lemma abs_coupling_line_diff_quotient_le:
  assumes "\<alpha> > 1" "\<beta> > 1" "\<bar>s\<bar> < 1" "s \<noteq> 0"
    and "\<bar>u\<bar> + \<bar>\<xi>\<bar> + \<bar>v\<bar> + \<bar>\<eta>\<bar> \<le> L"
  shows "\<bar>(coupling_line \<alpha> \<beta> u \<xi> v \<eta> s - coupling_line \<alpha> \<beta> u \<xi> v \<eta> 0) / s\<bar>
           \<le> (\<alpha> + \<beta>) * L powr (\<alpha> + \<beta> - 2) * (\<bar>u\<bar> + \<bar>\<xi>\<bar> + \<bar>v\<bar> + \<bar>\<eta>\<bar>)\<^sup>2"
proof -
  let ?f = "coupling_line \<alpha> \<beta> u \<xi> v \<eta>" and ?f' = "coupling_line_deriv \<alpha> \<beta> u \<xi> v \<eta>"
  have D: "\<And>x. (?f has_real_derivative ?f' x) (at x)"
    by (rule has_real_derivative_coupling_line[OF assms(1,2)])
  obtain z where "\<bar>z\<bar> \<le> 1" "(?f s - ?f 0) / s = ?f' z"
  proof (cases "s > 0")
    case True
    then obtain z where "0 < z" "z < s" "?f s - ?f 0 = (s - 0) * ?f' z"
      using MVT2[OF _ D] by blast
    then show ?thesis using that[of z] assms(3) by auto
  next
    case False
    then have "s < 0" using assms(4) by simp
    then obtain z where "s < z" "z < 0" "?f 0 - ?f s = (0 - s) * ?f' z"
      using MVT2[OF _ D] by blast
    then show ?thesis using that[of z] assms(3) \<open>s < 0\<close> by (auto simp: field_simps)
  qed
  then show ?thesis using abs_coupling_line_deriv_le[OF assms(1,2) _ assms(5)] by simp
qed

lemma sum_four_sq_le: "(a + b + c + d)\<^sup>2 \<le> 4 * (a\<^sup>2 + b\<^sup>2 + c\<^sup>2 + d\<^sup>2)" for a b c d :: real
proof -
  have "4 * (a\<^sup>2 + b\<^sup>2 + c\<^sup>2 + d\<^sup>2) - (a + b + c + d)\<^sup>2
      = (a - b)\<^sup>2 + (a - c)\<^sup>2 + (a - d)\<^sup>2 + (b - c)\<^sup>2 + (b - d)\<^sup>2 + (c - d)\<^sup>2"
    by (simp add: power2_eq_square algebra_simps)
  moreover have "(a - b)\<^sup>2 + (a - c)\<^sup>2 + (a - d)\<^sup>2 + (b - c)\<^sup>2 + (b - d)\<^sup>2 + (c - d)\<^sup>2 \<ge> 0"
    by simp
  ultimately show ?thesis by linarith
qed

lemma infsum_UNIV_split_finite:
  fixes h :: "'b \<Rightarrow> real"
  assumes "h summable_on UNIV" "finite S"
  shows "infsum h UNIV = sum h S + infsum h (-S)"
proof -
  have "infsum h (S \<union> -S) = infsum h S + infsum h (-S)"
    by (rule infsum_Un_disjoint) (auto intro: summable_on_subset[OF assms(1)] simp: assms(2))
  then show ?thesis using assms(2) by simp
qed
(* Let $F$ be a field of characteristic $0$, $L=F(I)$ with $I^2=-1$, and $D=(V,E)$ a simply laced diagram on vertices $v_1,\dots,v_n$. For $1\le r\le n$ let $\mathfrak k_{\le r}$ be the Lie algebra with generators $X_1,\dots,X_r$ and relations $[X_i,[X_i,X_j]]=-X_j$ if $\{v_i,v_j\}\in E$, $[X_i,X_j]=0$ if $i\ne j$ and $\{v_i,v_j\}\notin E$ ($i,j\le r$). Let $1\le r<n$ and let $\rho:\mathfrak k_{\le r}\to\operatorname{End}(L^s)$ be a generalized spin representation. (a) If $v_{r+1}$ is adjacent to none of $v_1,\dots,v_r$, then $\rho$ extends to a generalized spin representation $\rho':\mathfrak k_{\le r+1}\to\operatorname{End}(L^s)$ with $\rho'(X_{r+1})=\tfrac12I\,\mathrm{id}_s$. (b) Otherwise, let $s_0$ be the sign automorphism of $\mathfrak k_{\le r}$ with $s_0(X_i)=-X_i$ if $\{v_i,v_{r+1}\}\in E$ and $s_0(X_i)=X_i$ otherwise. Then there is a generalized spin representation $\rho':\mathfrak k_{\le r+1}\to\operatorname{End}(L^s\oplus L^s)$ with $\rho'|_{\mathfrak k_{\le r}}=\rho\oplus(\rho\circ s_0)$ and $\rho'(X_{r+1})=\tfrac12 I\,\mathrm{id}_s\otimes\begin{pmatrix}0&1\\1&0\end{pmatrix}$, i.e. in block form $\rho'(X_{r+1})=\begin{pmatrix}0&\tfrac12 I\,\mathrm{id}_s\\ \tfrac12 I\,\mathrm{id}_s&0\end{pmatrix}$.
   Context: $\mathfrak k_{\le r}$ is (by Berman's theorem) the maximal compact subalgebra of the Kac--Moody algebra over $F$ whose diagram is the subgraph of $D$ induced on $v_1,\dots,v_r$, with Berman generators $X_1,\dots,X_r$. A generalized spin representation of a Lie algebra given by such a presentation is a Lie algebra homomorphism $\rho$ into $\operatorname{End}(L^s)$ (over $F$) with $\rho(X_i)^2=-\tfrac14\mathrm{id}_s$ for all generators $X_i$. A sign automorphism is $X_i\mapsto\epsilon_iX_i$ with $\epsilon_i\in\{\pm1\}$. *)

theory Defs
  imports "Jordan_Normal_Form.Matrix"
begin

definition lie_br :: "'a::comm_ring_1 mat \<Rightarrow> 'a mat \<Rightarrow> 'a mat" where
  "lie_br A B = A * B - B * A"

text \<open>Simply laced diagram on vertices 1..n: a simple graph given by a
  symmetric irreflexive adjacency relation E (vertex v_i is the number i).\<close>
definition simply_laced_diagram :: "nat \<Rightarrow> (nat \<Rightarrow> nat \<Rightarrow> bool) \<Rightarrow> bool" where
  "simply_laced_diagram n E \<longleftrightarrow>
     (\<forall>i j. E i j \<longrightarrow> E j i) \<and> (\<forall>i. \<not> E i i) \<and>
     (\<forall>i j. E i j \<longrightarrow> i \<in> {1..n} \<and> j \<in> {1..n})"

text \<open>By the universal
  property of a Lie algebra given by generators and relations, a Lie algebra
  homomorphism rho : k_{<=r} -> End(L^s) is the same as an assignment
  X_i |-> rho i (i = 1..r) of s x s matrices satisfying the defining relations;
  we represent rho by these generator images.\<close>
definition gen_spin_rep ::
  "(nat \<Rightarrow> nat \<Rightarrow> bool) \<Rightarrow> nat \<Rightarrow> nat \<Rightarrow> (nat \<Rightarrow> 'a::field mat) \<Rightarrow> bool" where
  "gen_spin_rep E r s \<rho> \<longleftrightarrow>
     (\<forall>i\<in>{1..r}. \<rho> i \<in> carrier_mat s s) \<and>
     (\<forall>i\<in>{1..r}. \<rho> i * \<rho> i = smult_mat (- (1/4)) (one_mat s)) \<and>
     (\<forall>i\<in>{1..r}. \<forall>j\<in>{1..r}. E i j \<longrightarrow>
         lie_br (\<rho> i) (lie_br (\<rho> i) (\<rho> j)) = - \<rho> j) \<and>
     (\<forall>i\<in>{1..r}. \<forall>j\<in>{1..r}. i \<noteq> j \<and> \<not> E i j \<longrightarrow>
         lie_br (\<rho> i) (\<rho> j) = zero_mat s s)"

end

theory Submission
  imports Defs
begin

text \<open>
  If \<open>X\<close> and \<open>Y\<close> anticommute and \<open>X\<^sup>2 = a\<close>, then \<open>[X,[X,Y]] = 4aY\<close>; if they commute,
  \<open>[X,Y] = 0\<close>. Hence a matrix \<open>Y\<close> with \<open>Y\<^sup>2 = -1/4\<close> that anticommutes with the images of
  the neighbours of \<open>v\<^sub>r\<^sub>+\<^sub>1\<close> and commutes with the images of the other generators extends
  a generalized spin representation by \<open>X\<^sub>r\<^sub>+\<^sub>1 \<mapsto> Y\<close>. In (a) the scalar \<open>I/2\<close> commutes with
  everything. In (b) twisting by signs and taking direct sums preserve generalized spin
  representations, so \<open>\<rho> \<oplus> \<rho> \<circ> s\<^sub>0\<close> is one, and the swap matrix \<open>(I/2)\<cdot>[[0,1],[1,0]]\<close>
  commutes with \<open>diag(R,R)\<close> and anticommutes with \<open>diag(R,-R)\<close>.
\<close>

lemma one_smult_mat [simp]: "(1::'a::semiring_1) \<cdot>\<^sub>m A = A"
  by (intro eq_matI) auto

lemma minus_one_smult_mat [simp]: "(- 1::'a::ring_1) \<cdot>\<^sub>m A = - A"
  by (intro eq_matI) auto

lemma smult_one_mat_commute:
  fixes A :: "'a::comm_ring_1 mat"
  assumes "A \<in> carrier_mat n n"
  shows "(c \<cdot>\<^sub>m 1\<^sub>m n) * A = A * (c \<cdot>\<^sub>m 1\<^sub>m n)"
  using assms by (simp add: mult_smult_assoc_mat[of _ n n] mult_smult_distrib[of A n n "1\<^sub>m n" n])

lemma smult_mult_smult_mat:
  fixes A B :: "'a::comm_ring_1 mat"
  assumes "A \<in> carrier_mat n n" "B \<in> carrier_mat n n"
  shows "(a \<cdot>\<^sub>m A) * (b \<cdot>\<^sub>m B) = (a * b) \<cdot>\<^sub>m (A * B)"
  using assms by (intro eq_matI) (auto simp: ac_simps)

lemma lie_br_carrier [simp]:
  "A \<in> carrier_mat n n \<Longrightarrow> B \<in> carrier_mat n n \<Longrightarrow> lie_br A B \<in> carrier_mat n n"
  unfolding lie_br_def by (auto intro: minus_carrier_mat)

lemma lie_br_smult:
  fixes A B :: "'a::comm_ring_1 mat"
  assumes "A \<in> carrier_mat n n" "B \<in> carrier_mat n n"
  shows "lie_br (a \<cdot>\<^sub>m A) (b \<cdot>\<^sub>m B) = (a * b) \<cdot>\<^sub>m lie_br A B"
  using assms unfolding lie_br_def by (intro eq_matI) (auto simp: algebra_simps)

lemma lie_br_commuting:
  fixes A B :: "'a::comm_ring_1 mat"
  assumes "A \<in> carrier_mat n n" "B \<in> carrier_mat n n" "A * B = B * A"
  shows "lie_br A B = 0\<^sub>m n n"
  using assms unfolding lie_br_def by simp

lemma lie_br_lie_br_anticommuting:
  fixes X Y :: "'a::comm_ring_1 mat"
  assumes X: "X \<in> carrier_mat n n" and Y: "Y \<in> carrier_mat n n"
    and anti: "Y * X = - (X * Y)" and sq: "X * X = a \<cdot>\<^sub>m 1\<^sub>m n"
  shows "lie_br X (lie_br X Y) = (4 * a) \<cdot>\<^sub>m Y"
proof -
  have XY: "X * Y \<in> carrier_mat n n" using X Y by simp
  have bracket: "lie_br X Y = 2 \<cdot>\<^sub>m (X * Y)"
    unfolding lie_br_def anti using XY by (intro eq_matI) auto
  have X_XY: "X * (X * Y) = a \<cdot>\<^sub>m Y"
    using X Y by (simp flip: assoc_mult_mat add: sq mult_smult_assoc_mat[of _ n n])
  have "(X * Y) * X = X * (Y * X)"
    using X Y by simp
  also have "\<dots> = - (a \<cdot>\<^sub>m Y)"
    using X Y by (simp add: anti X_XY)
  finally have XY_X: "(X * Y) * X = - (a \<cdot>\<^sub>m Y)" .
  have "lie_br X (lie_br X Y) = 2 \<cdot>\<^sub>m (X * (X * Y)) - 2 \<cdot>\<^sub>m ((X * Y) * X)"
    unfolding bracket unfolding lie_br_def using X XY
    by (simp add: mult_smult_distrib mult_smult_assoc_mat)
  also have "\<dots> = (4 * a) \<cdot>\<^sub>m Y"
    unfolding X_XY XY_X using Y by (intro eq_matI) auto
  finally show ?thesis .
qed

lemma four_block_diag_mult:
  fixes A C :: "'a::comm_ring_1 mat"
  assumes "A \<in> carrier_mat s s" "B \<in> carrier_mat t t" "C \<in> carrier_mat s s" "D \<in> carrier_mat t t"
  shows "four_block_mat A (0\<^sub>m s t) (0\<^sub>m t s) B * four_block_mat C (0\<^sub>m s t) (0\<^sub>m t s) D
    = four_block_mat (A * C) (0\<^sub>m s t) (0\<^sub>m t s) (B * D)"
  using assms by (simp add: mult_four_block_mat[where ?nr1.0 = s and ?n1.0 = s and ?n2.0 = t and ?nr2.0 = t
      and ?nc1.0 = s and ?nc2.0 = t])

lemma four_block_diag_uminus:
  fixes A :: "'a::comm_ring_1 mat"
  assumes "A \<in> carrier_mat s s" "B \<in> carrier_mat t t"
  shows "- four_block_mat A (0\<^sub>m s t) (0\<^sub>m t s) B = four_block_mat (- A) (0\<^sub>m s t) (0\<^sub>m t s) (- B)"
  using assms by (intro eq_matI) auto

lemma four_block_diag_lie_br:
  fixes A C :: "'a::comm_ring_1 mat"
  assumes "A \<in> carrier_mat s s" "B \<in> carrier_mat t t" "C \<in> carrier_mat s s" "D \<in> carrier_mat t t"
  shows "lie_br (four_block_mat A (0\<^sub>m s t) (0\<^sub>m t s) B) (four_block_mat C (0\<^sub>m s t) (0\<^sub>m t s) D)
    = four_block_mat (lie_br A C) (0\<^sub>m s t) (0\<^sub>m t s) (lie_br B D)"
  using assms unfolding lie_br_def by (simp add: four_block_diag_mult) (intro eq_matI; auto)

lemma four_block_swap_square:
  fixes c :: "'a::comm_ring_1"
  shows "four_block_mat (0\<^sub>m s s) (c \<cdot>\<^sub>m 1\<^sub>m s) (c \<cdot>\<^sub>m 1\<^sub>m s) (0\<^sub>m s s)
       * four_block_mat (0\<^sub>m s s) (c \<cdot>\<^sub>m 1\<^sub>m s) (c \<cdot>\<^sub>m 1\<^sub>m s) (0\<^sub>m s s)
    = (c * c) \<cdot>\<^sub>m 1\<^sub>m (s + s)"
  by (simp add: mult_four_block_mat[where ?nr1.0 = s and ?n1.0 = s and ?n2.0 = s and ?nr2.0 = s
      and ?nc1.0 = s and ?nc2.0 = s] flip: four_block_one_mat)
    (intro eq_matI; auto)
+++
Assignment | Return only the part of the records above that opens with the line containing "n E \<longleftrightarrow>" and closes with the line containing "s \<rho> \<longleftrightarrow>", ends included.

Task result |
  "simply_laced_diagram n E \<longleftrightarrow>
     (\<forall>i j. E i j \<longrightarrow> E j i) \<and> (\<forall>i. \<not> E i i) \<and>
     (\<forall>i j. E i j \<longrightarrow> i \<in> {1..n} \<and> j \<in> {1..n})"

text \<open>By the universal
  property of a Lie algebra given by generators and relations, a Lie algebra
  homomorphism rho : k_{<=r} -> End(L^s) is the same as an assignment
  X_i |-> rho i (i = 1..r) of s x s matrices satisfying the defining relations;
  we represent rho by these generator images.\<close>
definition gen_spin_rep ::
  "(nat \<Rightarrow> nat \<Rightarrow> bool) \<Rightarrow> nat \<Rightarrow> nat \<Rightarrow> (nat \<Rightarrow> 'a::field mat) \<Rightarrow> bool" where
  "gen_spin_rep E r s \<rho> \<longleftrightarrow>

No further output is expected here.